Information given
(* Let $q\in\mathbb N$ (so $q>0$), $0<\sigma<1$, and $K,w_{\min},w_{\max}>0$. Let $(t_i)_{i\in\mathbb Z}$ be a nondecreasing sequence of real knots with $t_i\to\pm\infty$ as $i\to\pm\infty$, with set of distinct nodes $\{\hat z_j:j\in\mathbb Z\}$, $\hat z_{j-1}<\hat z_j$, and let $(w_i)_{i\in\mathbb Z}$ be weights with $w_{\min}\le\inf_{i} w_i\le\sup_i w_i\le w_{\max}$. Suppose the local mesh-ratio is bounded by $K$, i.e. $$\sup_{j\in\mathbb Z}\max\Big(\frac{\hat z_j-\hat z_{j-1}}{\hat z_{j-1}-\hat z_{j-2}},\frac{\hat z_j-\hat z_{j-1}}{\hat z_{j+1}-\hat z_j}\Big)\le K.$$ Then there exists a constant $C_{\rm scale}>0$, depending only on $q,w_{\min},w_{\max}$ and $K$, such that for all $i\in\mathbb Z$ with $|\mathrm{supp}(\hat R_{i,q})|>0$, $$|\mathrm{supp}(\hat R_{i,q})|^{1-2\sigma}\le C_{\rm scale}\,|\hat R_{i,q}|^2_{H^\sigma(\mathrm{supp}(\hat R_{i,q}))}.$$
   Context: B-splines of degree $r\in\mathbb N_0$ are defined recursively by $\hat B_{i,0}=\chi_{[t_{i-1},t_i)}$ and $\hat B_{i,r}=\beta_{i-1,r}\hat B_{i,r-1}+(1-\beta_{i,r})\hat B_{i+1,r-1}$, where $\beta_{i,r}(t)=(t-t_i)/(t_{i+r}-t_i)$ if $t_i\ne t_{i+r}$ and $\beta_{i,r}=0$ otherwise. The NURBS are $\hat R_{i,q}=w_i\hat B_{i,q}/\sum_{k\in\mathbb Z}w_k\hat B_{k,q}$. For an interval $I$ and $\hat v\in L^2(I)$, the Sobolev–Slobodeckij seminorm is $|\hat v|_{H^\sigma(I)}^2=\int_I\int_I|\hat v(r)-\hat v(s)|^2|r-s|^{-1-2\sigma}\,ds\,dr$. $|\cdot|$ of a set denotes its Lebesgue measure. *)

theory Defs
  imports "HOL-Analysis.Analysis"
begin

definition bs_beta :: "(int \<Rightarrow> real) \<Rightarrow> int \<Rightarrow> nat \<Rightarrow> real \<Rightarrow> real" where
  "bs_beta t i r x = (if t i \<noteq> t (i + int r) then (x - t i) / (t (i + int r) - t i) else 0)"

fun bspline :: "(int \<Rightarrow> real) \<Rightarrow> int \<Rightarrow> nat \<Rightarrow> real \<Rightarrow> real" where
  "bspline t i 0 x = indicator {t (i - 1)..<t i} x"
| "bspline t i (Suc r) x =
     bs_beta t (i - 1) (Suc r) x * bspline t i r x
     + (1 - bs_beta t i (Suc r) x) * bspline t (i + 1) r x"

definition nurbs :: "(int \<Rightarrow> real) \<Rightarrow> (int \<Rightarrow> real) \<Rightarrow> int \<Rightarrow> nat \<Rightarrow> real \<Rightarrow> real" where
  "nurbs t w i q x = w i * bspline t i q x / infsum (\<lambda>k. w k * bspline t k q x) UNIV"

definition supp :: "(real \<Rightarrow> real) \<Rightarrow> real set" where
  "supp f = closure {x. f x \<noteq> 0}"

text \<open>Squared Sobolev--Slobodeckij seminorm on I (possibly infinite, hence ennreal).\<close>
definition slobodeckij_sq :: "real \<Rightarrow> real set \<Rightarrow> (real \<Rightarrow> real) \<Rightarrow> ennreal" where
  "slobodeckij_sq \<sigma> I v =
     (\<integral>\<^sup>+ r\<in>I. (\<integral>\<^sup>+ s\<in>I. ennreal (\<bar>v r - v s\<bar>\<^sup>2 * \<bar>r - s\<bar> powr (-1 - 2 * \<sigma>)) \<partial>lborel) \<partial>lborel)"

end

theory Submission
  imports Defs
begin

(*
  Let h = t(i+q) - t(i-1), so that supp R(i,q) lies in [t(i-1), t(i+q)]. For bounded weights
  R(i,q) is comparable to B(i,q). On the middle third of a longest knot interval (which has
  length at least h/(q+1)) the B-spline is bounded below by a constant. Near one end of its
  support it vanishes linearly, so it stays below half of that constant on an interval whose
  length is a fixed fraction of h: at the right end if all knots but the last coincide, and
  otherwise at the left end, whose first knot gap is comparable to h because the mesh ratio lets
  node gaps grow by at most a factor K per node. Integrating the Slobodeckij kernel over the
  product of these two intervals bounds the seminorm below by a multiple of h^(1 - 2 sigma),
  while c h <= |supp R(i,q)| <= h.
*)

section \<open>B-splines\<close>

lemma bs_beta_bounds:
  assumes "t i \<le> x" "x \<le> t (i + int r)"
  shows "0 \<le> bs_beta t i r x \<and> bs_beta t i r x \<le> 1"
  using assms by (auto simp: bs_beta_def divide_simps)

lemma bspline_nonzero_imp_knot_bounds:
  assumes "mono t" "bspline t i r x \<noteq> 0"
  shows "t (i - 1) \<le> x \<and> x < t (i + int r)"
  using assms(2)
proof (induction r arbitrary: i)
  case 0
  then show ?case by (auto simp: indicator_def split: if_splits)
next
  case (Suc r)
  have "t (i - 1) \<le> t i" "t (i + int r) \<le> t (i + int (Suc r))"
    using assms(1) by (auto simp: mono_def)
  moreover from Suc.prems have "bspline t i r x \<noteq> 0 \<or> bspline t (i + 1) r x \<noteq> 0" by auto
  ultimately show ?case
    using Suc.IH[of i] Suc.IH[of "i + 1"] by (auto simp: algebra_simps)
qed

lemma bspline_left_coeff_bounds:
  assumes "mono t" "bspline t i r x \<noteq> 0"
  shows "0 \<le> bs_beta t (i - 1) (Suc r) x \<and> bs_beta t (i - 1) (Suc r) x \<le> 1"
  using bs_beta_bounds[of t "i - 1" x "Suc r"] bspline_nonzero_imp_knot_bounds[OF assms] by simp

lemma bspline_right_coeff_bounds:
  assumes "mono t" "bspline t (i + 1) r x \<noteq> 0"
  shows "0 \<le> 1 - bs_beta t i (Suc r) x \<and> 1 - bs_beta t i (Suc r) x \<le> 1"
  using bs_beta_bounds[of t i x "Suc r"] bspline_nonzero_imp_knot_bounds[OF assms]
  by (simp add: add.assoc)

lemma bspline_nonneg:
  assumes "mono t"
  shows "0 \<le> bspline t i r x"
proof (induction r arbitrary: i)
  case 0
  then show ?case by simp
next
  case (Suc r)
  have "0 \<le> bs_beta t (i - 1) (Suc r) x * bspline t i r x"
    using bspline_left_coeff_bounds[OF assms, of i r x] Suc.IH[of i] by (cases "bspline t i r x = 0") auto
  moreover have "0 \<le> (1 - bs_beta t i (Suc r) x) * bspline t (i + 1) r x"
    using bspline_right_coeff_bounds[OF assms, of i r x] Suc.IH[of "i + 1"]
    by (cases "bspline t (i + 1) r x = 0") auto
  ultimately show ?case by simp
qed

lemma bspline_nonzero_imp_index:
  assumes "mono t" "bspline t k r x \<noteq> 0" "t (j - 1) \<le> x" "x < t j"
  shows "k \<in> {j - int r..j}"
proof -
  from bspline_nonzero_imp_knot_bounds[OF assms(1,2)] have "t (k - 1) \<le> x" "x < t (k + int r)" by auto
  with assms(3,4) have "t (k - 1) < t j" "t (j - 1) < t (k + int r)" by auto
  then have "k - 1 < j" "j - 1 < k + int r"
    using assms(1) by (metis mono_def not_le)+
  then show ?thesis by auto
qed

lemma bspline_sum_eq_1:
  assumes "mono t" "t (j - 1) \<le> x" "x < t j"
  shows "(\<Sum>k\<in>{j - int r..j}. bspline t k r x) = 1"
proof (induction r)
  case 0
  then show ?case using assms by simp
next
  case (Suc r)
  define f where "f k = bs_beta t (k - 1) (Suc r) x * bspline t k r x" for k
  define g where "g k = (1 - bs_beta t (k - 1) (Suc r) x) * bspline t k r x" for k
  have vanish: "bspline t k r x = 0" if "k \<notin> {j - int r..j}" for k
    using bspline_nonzero_imp_index[OF assms(1) _ assms(2,3)] that by blast
  have "(\<Sum>k\<in>{j - int (Suc r)..j}. bspline t k (Suc r) x)
      = (\<Sum>k\<in>{j - int (Suc r)..j}. f k) + (\<Sum>k\<in>{j - int (Suc r)..j}. g (k + 1))"
    by (simp add: f_def g_def sum.distrib)
  also have "(\<Sum>k\<in>{j - int (Suc r)..j}. f k) = (\<Sum>k\<in>{j - int r..j}. f k)"
    by (rule sum.mono_neutral_right) (auto simp: f_def vanish)
  also have "(\<Sum>k\<in>{j - int (Suc r)..j}. g (k + 1)) = (\<Sum>k\<in>{j - int r..j + 1}. g k)"
    by (rule sum.reindex_bij_witness[of _ "\<lambda>k. k - 1" "\<lambda>k. k + 1"]) auto
  also have "\<dots> = (\<Sum>k\<in>{j - int r..j}. g k)"
    by (rule sum.mono_neutral_right) (auto simp: g_def vanish)
  also have "(\<Sum>k\<in>{j - int r..j}. f k) + (\<Sum>k\<in>{j - int r..j}. g k)
      = (\<Sum>k\<in>{j - int r..j}. bspline t k r x)"
    by (simp add: f_def g_def sum.distrib[symmetric] algebra_simps)
  finally show ?case using Suc.IH by simp
qed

Work item
Send back an exact copy of only the lines from the line with "using assms(1) by (metis" up to and including the line with "by (rule sum.mono_neutral_right) (auto simp: g_def" in the data above.

Solved exercise
    using assms(1) by (metis mono_def not_le)+
  then show ?thesis by auto
qed

lemma bspline_sum_eq_1:
  assumes "mono t" "t (j - 1) \<le> x" "x < t j"
  shows "(\<Sum>k\<in>{j - int r..j}. bspline t k r x) = 1"
proof (induction r)
  case 0
  then show ?case using assms by simp
next
  case (Suc r)
  define f where "f k = bs_beta t (k - 1) (Suc r) x * bspline t k r x" for k
  define g where "g k = (1 - bs_beta t (k - 1) (Suc r) x) * bspline t k r x" for k
  have vanish: "bspline t k r x = 0" if "k \<notin> {j - int r..j}" for k
    using bspline_nonzero_imp_index[OF assms(1) _ assms(2,3)] that by blast
  have "(\<Sum>k\<in>{j - int (Suc r)..j}. bspline t k (Suc r) x)
      = (\<Sum>k\<in>{j - int (Suc r)..j}. f k) + (\<Sum>k\<in>{j - int (Suc r)..j}. g (k + 1))"
    by (simp add: f_def g_def sum.distrib)
  also have "(\<Sum>k\<in>{j - int (Suc r)..j}. f k) = (\<Sum>k\<in>{j - int r..j}. f k)"
    by (rule sum.mono_neutral_right) (auto simp: f_def vanish)
  also have "(\<Sum>k\<in>{j - int (Suc r)..j}. g (k + 1)) = (\<Sum>k\<in>{j - int r..j + 1}. g k)"
    by (rule sum.reindex_bij_witness[of _ "\<lambda>k. k - 1" "\<lambda>k. k + 1"]) auto
  also have "\<dots> = (\<Sum>k\<in>{j - int r..j}. g k)"
    by (rule sum.mono_neutral_right) (auto simp: g_def vanish)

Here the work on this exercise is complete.